1番花が咲いているうちに、もう2番花のことを考えていきます。

一季咲きの場合は、よく観察して窒素とリン酸をどう供給するか考えていきましょう。

2番花に備えて…

1番花が終わったら、ちょっと休ませるイメージを持ちましょう。
バラが動きたくて仕方ないときは、あえて休ませなくてもかまいませんが…

次に、鉢植えの場合はぼかし肥料を与えましょう。
もちろん、ぼかし肥料は与えずに甘彩や活根だけでもかまいません。
窒素がある程度効けばOKです。

地植えの場合は甘彩に頼るとやりやすいですね。
もちろん、窒素を効かせたいなら活根でもOKです。

夏までは同じことの繰り返し

休息期までは同じことの繰り返しになります。
昨年は3番花まで咲かせる人が多かったですね。
バラに無理させていなければ、別にかまいません。

ただ、病害虫も多発する時期なので、ここは駆け引きしてください。

夏の休息期

春に頑張ったバラたちをしっかりケアしていきます。
まずは土壌のバランスを取り戻すために甘彩を週1で使っていきます。

少し休ませると、バラによっては大きくなりたくて仕方ないのも出てきます。
病害虫でぐったりのバラも出てきます。

ここは臨機応変にケアしていきましょう。

元気いっぱいのバラにはぼかし肥料を軽く与えます。
週1で甘彩もしくは活根を与えていきます。
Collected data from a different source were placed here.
lemma lone_yao_in_edge_survives:
  assumes "inj_on ID V" "finite V" "v \<in> V" "i < k" "r > 1"
    and lone: "{a. (a, v) \<in> yao phi k ID V \<and> incone phi k v i a} = {u}"
  shows "(u, v) \<in> yaoyao phi k ID V" "(u, v) \<in> yaosink phi k ID V"
    "(u, v) \<in> yaosparsesink phi k ID r V"
proof -
  have "{a. (a, v) \<in> filtering phi k ID r V \<and> incone phi k v i a} = {u}"
    using lone filtering_subset_yao[OF assms(1,2)] filtering_memI[OF assms(3-5) lone] by blast
  thus "(u, v) \<in> yaosparsesink phi k ID r V"
    unfolding yaosparsesink_def by (rule sink_memI[OF assms(3,4)])
  show "(u, v) \<in> yaoyao phi k ID V" by (rule yaoyao_memI[OF assms(3,4) lone])
  show "(u, v) \<in> yaosink phi k ID V"
    unfolding yaosink_def by (rule sink_memI[OF assms(3,4) lone])
qed

lemma wt_mono:
  assumes "finite E" "D \<subseteq> E"
  shows "wt D \<le> wt E"
  unfolding wt_def using assms by (intro divide_right_mono sum_mono2) auto

lemma wt_eq_sum:
  assumes "finite D" "D \<inter> converse D = {}"
  shows "wt D = (\<Sum>p\<in>D. dist (fst p) (snd p))"
proof -
  have "converse D = prod.swap ` D" by auto
  hence "(\<Sum>p\<in>converse D. dist (fst p) (snd p)) = (\<Sum>p\<in>D. dist (fst p) (snd p))"
    by (simp add: sum.reindex dist_commute)
  thus ?thesis unfolding wt_def using assms by (simp add: sum.union_disjoint)
qed

lemma elen_doubleton [simp]: "elen {a, b} = dist a b"
  unfolding elen_def
proof (rule the_equality)
  fix d assume "\<exists>x y. {a, b} = {x, y} \<and> d = dist x y"
  then show "d = dist a b" by (auto simp: doubleton_eq_iff dist_commute)
qed blast

lemma parent_edge_inj_on:
  fixes rank :: "complex \<Rightarrow> nat"
  assumes parent: "\<And>x. x \<in> A \<Longrightarrow> rank (f x) < rank x"
  shows "inj_on (\<lambda>x. {f x, x}) A"
proof (rule inj_onI)
  fix x y assume x: "x \<in> A" and y: "y \<in> A" and eq: "{f x, x} = {f y, y}"
  show "x = y"
  proof (rule ccontr)
    assume "x \<noteq> y"
    with eq have "x = f y" "y = f x" by (auto simp: doubleton_eq_iff)
    with parent[OF x] parent[OF y] show False by (metis less_asym)
  qed
qed

lemma spanning_tree_of_parent:
  fixes rank :: "complex \<Rightarrow> nat"
  assumes "finite V" "v0 \<in> V"
    and parent: "\<And>x. x \<in> V - {v0} \<Longrightarrow> f x \<in> V \<and> rank (f x) < rank x"
  shows "spanning_tree V ((\<lambda>x. {f x, x}) ` (V - {v0}))"
proof -
  define T where "T = (\<lambda>x. {f x, x}) ` (V - {v0})"
  define R where "R = {(a, b). {a, b} \<in> T}"
  have to_root: "(x, v0) \<in> R\<^sup>*" if "x \<in> V" for x
    using that
  proof (induction "rank x" arbitrary: x rule: less_induct)
    case less
    show ?case
    proof (cases "x = v0")
      case False
      with less.prems have "x \<in> V - {v0}" by simp
      hence "(x, f x) \<in> R" "(f x, v0) \<in> R\<^sup>*"
        using parent less.hyps unfolding R_def T_def by (auto simp: insert_commute)
      thus ?thesis by (rule converse_rtrancl_into_rtrancl)
    qed simp
  qed
  have "R\<inverse> = R" unfolding R_def by (auto simp: insert_commute)
  hence from_root: "(v0, y) \<in> R\<^sup>*" if "y \<in> V" for y
    using to_root[OF that] rtrancl_converse[of R] by auto
  have "T \<subseteq> {{x, y} |x y. x \<in> V \<and> y \<in> V \<and> x \<noteq> y}"
    unfolding T_def using parent by fastforce
  moreover have "card T = card V - 1"
    unfolding T_def using parent_edge_inj_on[of "V - {v0}" rank f] parent assms(1,2)
    by (simp add: card_image)
  moreover have "(x, y) \<in> R\<^sup>*" if "x \<in> V" "y \<in> V" for x y
    using to_root[OF that(1)] from_root[OF that(2)] by (rule rtrancl_trans)
  ultimately show ?thesis unfolding spanning_tree_def T_def R_def by blast
qed

lemma finite_spanning_trees:
  assumes "finite V"
  shows "finite {T. spanning_tree V T}"
proof -
  have "{{x, y} |x y. x \<in> V \<and> y \<in> V \<and> x \<noteq> y} \<subseteq> (\<lambda>(x, y). {x, y}) ` (V \<times> V)" by auto
  hence "finite {{x, y} |x y. x \<in> V \<and> y \<in> V \<and> x \<noteq> y}"
    using assms by (auto intro: finite_subset)
  thus ?thesis unfolding spanning_tree_def by (auto intro: finite_subset[of _ "Pow _"])
qed

lemma wt_MST_le_parent_sum:
  fixes rank :: "complex \<Rightarrow> nat"
  assumes "finite V" "v0 \<in> V"
    and parent: "\<And>x. x \<in> V - {v0} \<Longrightarrow> f x \<in> V \<and> rank (f x) < rank x"
  shows "wt_MST V \<le> (\<Sum>x\<in>V - {v0}. dist (f x) x)"
proof -
  let ?T = "(\<lambda>x. {f x, x}) ` (V - {v0})"
  have "wt_MST V \<le> (\<Sum>e\<in>?T. elen e)"
    unfolding wt_MST_def
    using spanning_tree_of_parent[OF assms] finite_spanning_trees[OF assms(1)] by simp
  also have "\<dots> = (\<Sum>x\<in>V - {v0}. dist (f x) x)"
    using parent_edge_inj_on[of "V - {v0}" rank f] parent by (simp add: sum.reindex)
  finally show ?thesis .
qed

definition left_rail :: "real \<Rightarrow> nat \<Rightarrow> complex" where
  "left_rail d j = Complex 0 (real j * d)"

definition right_rail :: "real \<Rightarrow> nat \<Rightarrow> complex" where
  "right_rail d j = Complex 1 (real j * d)"

definition ladder :: "nat \<Rightarrow> real \<Rightarrow> complex set" where
  "ladder m d = left_rail d ` {..<m} \<union> right_rail d ` {..<m}"

lemma finite_ladder [simp]: "finite (ladder m d)"
  unfolding ladder_def by simp

lemma card_ladder:
  assumes "d > 0"
  shows "card (ladder m d) = 2 * m"
proof -
  have "inj_on (left_rail d) {..<m}" "inj_on (right_rail d) {..<m}"
    using assms by (auto intro!: inj_onI simp: left_rail_def right_rail_def)
  moreover have "left_rail d ` {..<m} \<inter> right_rail d ` {..<m} = {}"
    by (auto simp: left_rail_def right_rail_def)
  ultimately show ?thesis unfolding ladder_def by (simp add: card_Un_disjoint card_image)
qed

lemma ladder_Re: "x \<in> ladder m d \<Longrightarrow> Re x = 0 \<or> Re x = 1"
  unfolding ladder_def left_rail_def right_rail_def by auto

lemma dist_rail_same:
  "dist (left_rail d j) (left_rail d l) = \<bar>real j * d - real l * d\<bar>"
  "dist (right_rail d j) (right_rail d l) = \<bar>real j * d - real l * d\<bar>"
  by (simp_all add: left_rail_def right_rail_def dist_norm complex_norm complex_diff)

lemma dist_ladder_horizontal:
  assumes "x \<in> ladder m d" "y \<in> ladder m d" "Im y = Im x" "y \<noteq> x"
  shows "dist x y = 1"
proof -
  have "Re y \<noteq> Re x" using assms(3,4) by (auto simp: complex_eq_iff)
  hence "\<bar>Re x - Re y\<bar> = 1" using ladder_Re[OF assms(1)] ladder_Re[OF assms(2)] by auto
  thus ?thesis using assms(3) by (simp add: dist_norm cmod_def)
qed

lemma ladder_udg_axis_parallel:
  assumes "(x, y) \<in> udg (ladder m d)"
  shows "Re (y - x) = 0 \<or> Im (y - x) = 0"
proof (rule ccontr)
  assume "\<not> ?thesis"
  hence "Re y \<noteq> Re x" "Im y \<noteq> Im x" by auto
  moreover have x: "x \<in> ladder m d" and y: "y \<in> ladder m d" and "dist x y \<le> 1"
    using assms unfolding udg_def by auto
  ultimately have "(Re x - Re y)\<^sup>2 = 1" "(Im x - Im y)\<^sup>2 > 0"
    using ladder_Re[OF x] ladder_Re[OF y] by (auto simp del: zero_less_power2)
  hence "1 < sqrt ((Re x - Re y)\<^sup>2 + (Im x - Im y)\<^sup>2)"
    by (intro real_less_rsqrt) simp
  with \<open>dist x y \<le> 1\<close> show False by (simp add: dist_norm cmod_def)
qed

lemma ladder_horizontal_unique:
  assumes "x \<in> ladder m d" "y \<in> ladder m d" "p \<in> ladder m d"
    and "Im y = Im x" "y \<noteq> x" "Im p = Im x" "p \<noteq> x"
  shows "y = p"
proof -
  have "Re y \<noteq> Re x" "Re p \<noteq> Re x" using assms(4-7) by (auto simp: complex_eq_iff)
  hence "Re y = Re p" using ladder_Re[OF assms(1)] ladder_Re[OF assms(2)] ladder_Re[OF assms(3)] by auto
  with assms(4,6) show ?thesis by (simp add: complex_eq_iff)
qed

lemma ladder_cone_of_partner:
  assumes "k \<ge> 4" "x \<in> ladder m d" "p \<in> ladder m d" "Im p = Im x" "p \<noteq> x"
  shows "{y. (x, y) \<in> udg (ladder m d) \<and> incone phi k x (cone_of phi k x p) y} = {p}"
proof (intro equalityI subsetI)
  fix y assume "y \<in> {y. (x, y) \<in> udg (ladder m d) \<and> incone phi k x (cone_of phi k x p) y}"
  hence y: "(x, y) \<in> udg (ladder m d)" "y \<noteq> x" "cone_of phi k x y = cone_of phi k x p"
    unfolding incone_def by auto
  have "Re (y - x) \<noteq> 0"
    using cone_of_horizontal_neq_vertical[OF assms(1), of p x y x phi] assms(4,5) y(2,3) by auto
  hence "Im y = Im x" using ladder_udg_axis_parallel[OF y(1)] by simp
  moreover have "y \<in> ladder m d" using y(1) unfolding udg_def by simp
  ultimately show "y \<in> {p}" using ladder_horizontal_unique assms(2-5) y(2) by blast
next
  fix y assume "y \<in> {p}"
  thus "y \<in> {y. (x, y) \<in> udg (ladder m d) \<and> incone phi k x (cone_of phi k x p) y}"
    using assms(2-5) dist_ladder_horizontal[of x m d p] unfolding udg_def incone_def by auto
qed

lemma ladder_lone_yao_in_edge:
  assumes "k \<ge> 4" "inj_on ID (ladder m d)" "x \<in> ladder m d" "p \<in> ladder m d"
    and "Im p = Im x" "p \<noteq> x"
  shows "{a. (a, p) \<in> yao phi k ID (ladder m d) \<and> incone phi k p (cone_of phi k p x) a} = {x}"
proof (intro equalityI subsetI)
  fix a assume "a \<in> {a. (a, p) \<in> yao phi k ID (ladder m d) \<and> incone phi k p (cone_of phi k p x) a}"
  hence "(a, p) \<in> udg (ladder m d)" and a: "incone phi k p (cone_of phi k p x) a"
    using yao_subset_udg[OF assms(2) finite_ladder] by auto
  hence "(p, a) \<in> udg (ladder m d)" unfolding udg_def by (auto simp: dist_commute)
  with a show "a \<in> {x}"
    using ladder_cone_of_partner[OF assms(1,4,3)] assms(5,6) by auto
next
  fix a assume "a \<in> {x}"
  have "0 < k" using assms(1) by simp
  have "(x, p) \<in> yao phi k ID (ladder m d)"
    using ladder_cone_of_partner[OF assms(1,3,4,5,6)]
    by (rule yao_memI[OF assms(3) cone_of_less[OF \<open>0 < k\<close>]])
  with \<open>a \<in> {x}\<close> assms(6)
  show "a \<in> {a. (a, p) \<in> yao phi k ID (ladder m d) \<and> incone phi k p (cone_of phi k p x) a}"
    unfolding incone_def by auto
qed

lemma ladder_rung_survives:
  assumes "k \<ge> 4" "r > 1" "inj_on ID (ladder m d)" "j < m"
  shows "(left_rail d j, right_rail d j) \<in> yaoyao phi k ID (ladder m d)"
    "(left_rail d j, right_rail d j) \<in> yaosink phi k ID (ladder m d)"
    "(left_rail d j, right_rail d j) \<in> yaosparsesink phi k ID r (ladder m d)"
proof -
  have in_ladder: "left_rail d j \<in> ladder m d" "right_rail d j \<in> ladder m d"
    using assms(4) unfolding ladder_def by auto
  have horizontal: "Im (right_rail d j) = Im (left_rail d j)" "right_rail d j \<noteq> left_rail d j"
    by (simp_all add: left_rail_def right_rail_def complex_eq_iff)
  have cone: "cone_of phi k (right_rail d j) (left_rail d j) < k"
    using assms(1) by (simp add: cone_of_less)
  show "(left_rail d j, right_rail d j) \<in> yaoyao phi k ID (ladder m d)"
    "(left_rail d j, right_rail d j) \<in> yaosink phi k ID (ladder m d)"
    "(left_rail d j, right_rail d j) \<in> yaosparsesink phi k ID r (ladder m d)"
    by (fact lone_yao_in_edge_survives[OF assms(3) finite_ladder in_ladder(2) cone assms(2)
          ladder_lone_yao_in_edge[OF assms(1,3) in_ladder horizontal]])+
qed

lemma wt_ge_rungs:
  assumes "d > 0" "finite D" "\<And>j. j < m \<Longrightarrow> (left_rail d j, right_rail d j) \<in> D"
  shows "real m \<le> wt D"
proof -
  define R where "R = (\<lambda>j. (left_rail d j, right_rail d j)) ` {..<m}"
  have "inj_on (\<lambda>j. (left_rail d j, right_rail d j)) {..<m}"
    using assms(1) by (auto intro!: inj_onI simp: left_rail_def)
  moreover have "dist (left_rail d j) (right_rail d j) = 1" for j
    by (simp add: left_rail_def right_rail_def dist_norm complex_norm complex_diff)
  moreover have "R \<inter> converse R = {}"
    unfolding R_def by (auto simp: left_rail_def right_rail_def)
  ultimately have "real m = wt R" unfolding R_def by (simp add: wt_eq_sum sum.reindex)
  also have "\<dots> \<le> wt D" using assms(2,3) unfolding R_def by (intro wt_mono) auto
  finally show ?thesis .
qed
大きくなりますが、これはバラの意思です。

ぐったりしているバラは、甘彩だけで過ごさせます。
ぼかし肥料も控えた方がいいですね。

秋は春と同じ!

ここからは春の芽出しと同じように考えていきます。
ただ、春のように咲かない品種はリン酸はほどほどに!

一季咲きの場合は開花しないので、栄養生長を続けさせます。

休眠前

12月の休眠前は、土壌のケアを考えます。
冬に土替え予定の場合は考えなくていいですが、それ以外は地植えも含めて土壌栄養バランスを整えましょう。
これは簡単です。
甘彩だけ与えておけばいいですね。

原則はバラに合わせます!

以上、どう考えていくか?を解説しました。

もちろん、答えではありません。皆さんがしっかり考えて組み立てていってください。
バラは年ごとに変わってきます。
途中で活性を落としたり、逆に活性が上がることもあります。

その都度、皆さんがしっかりバラに合わせていってください。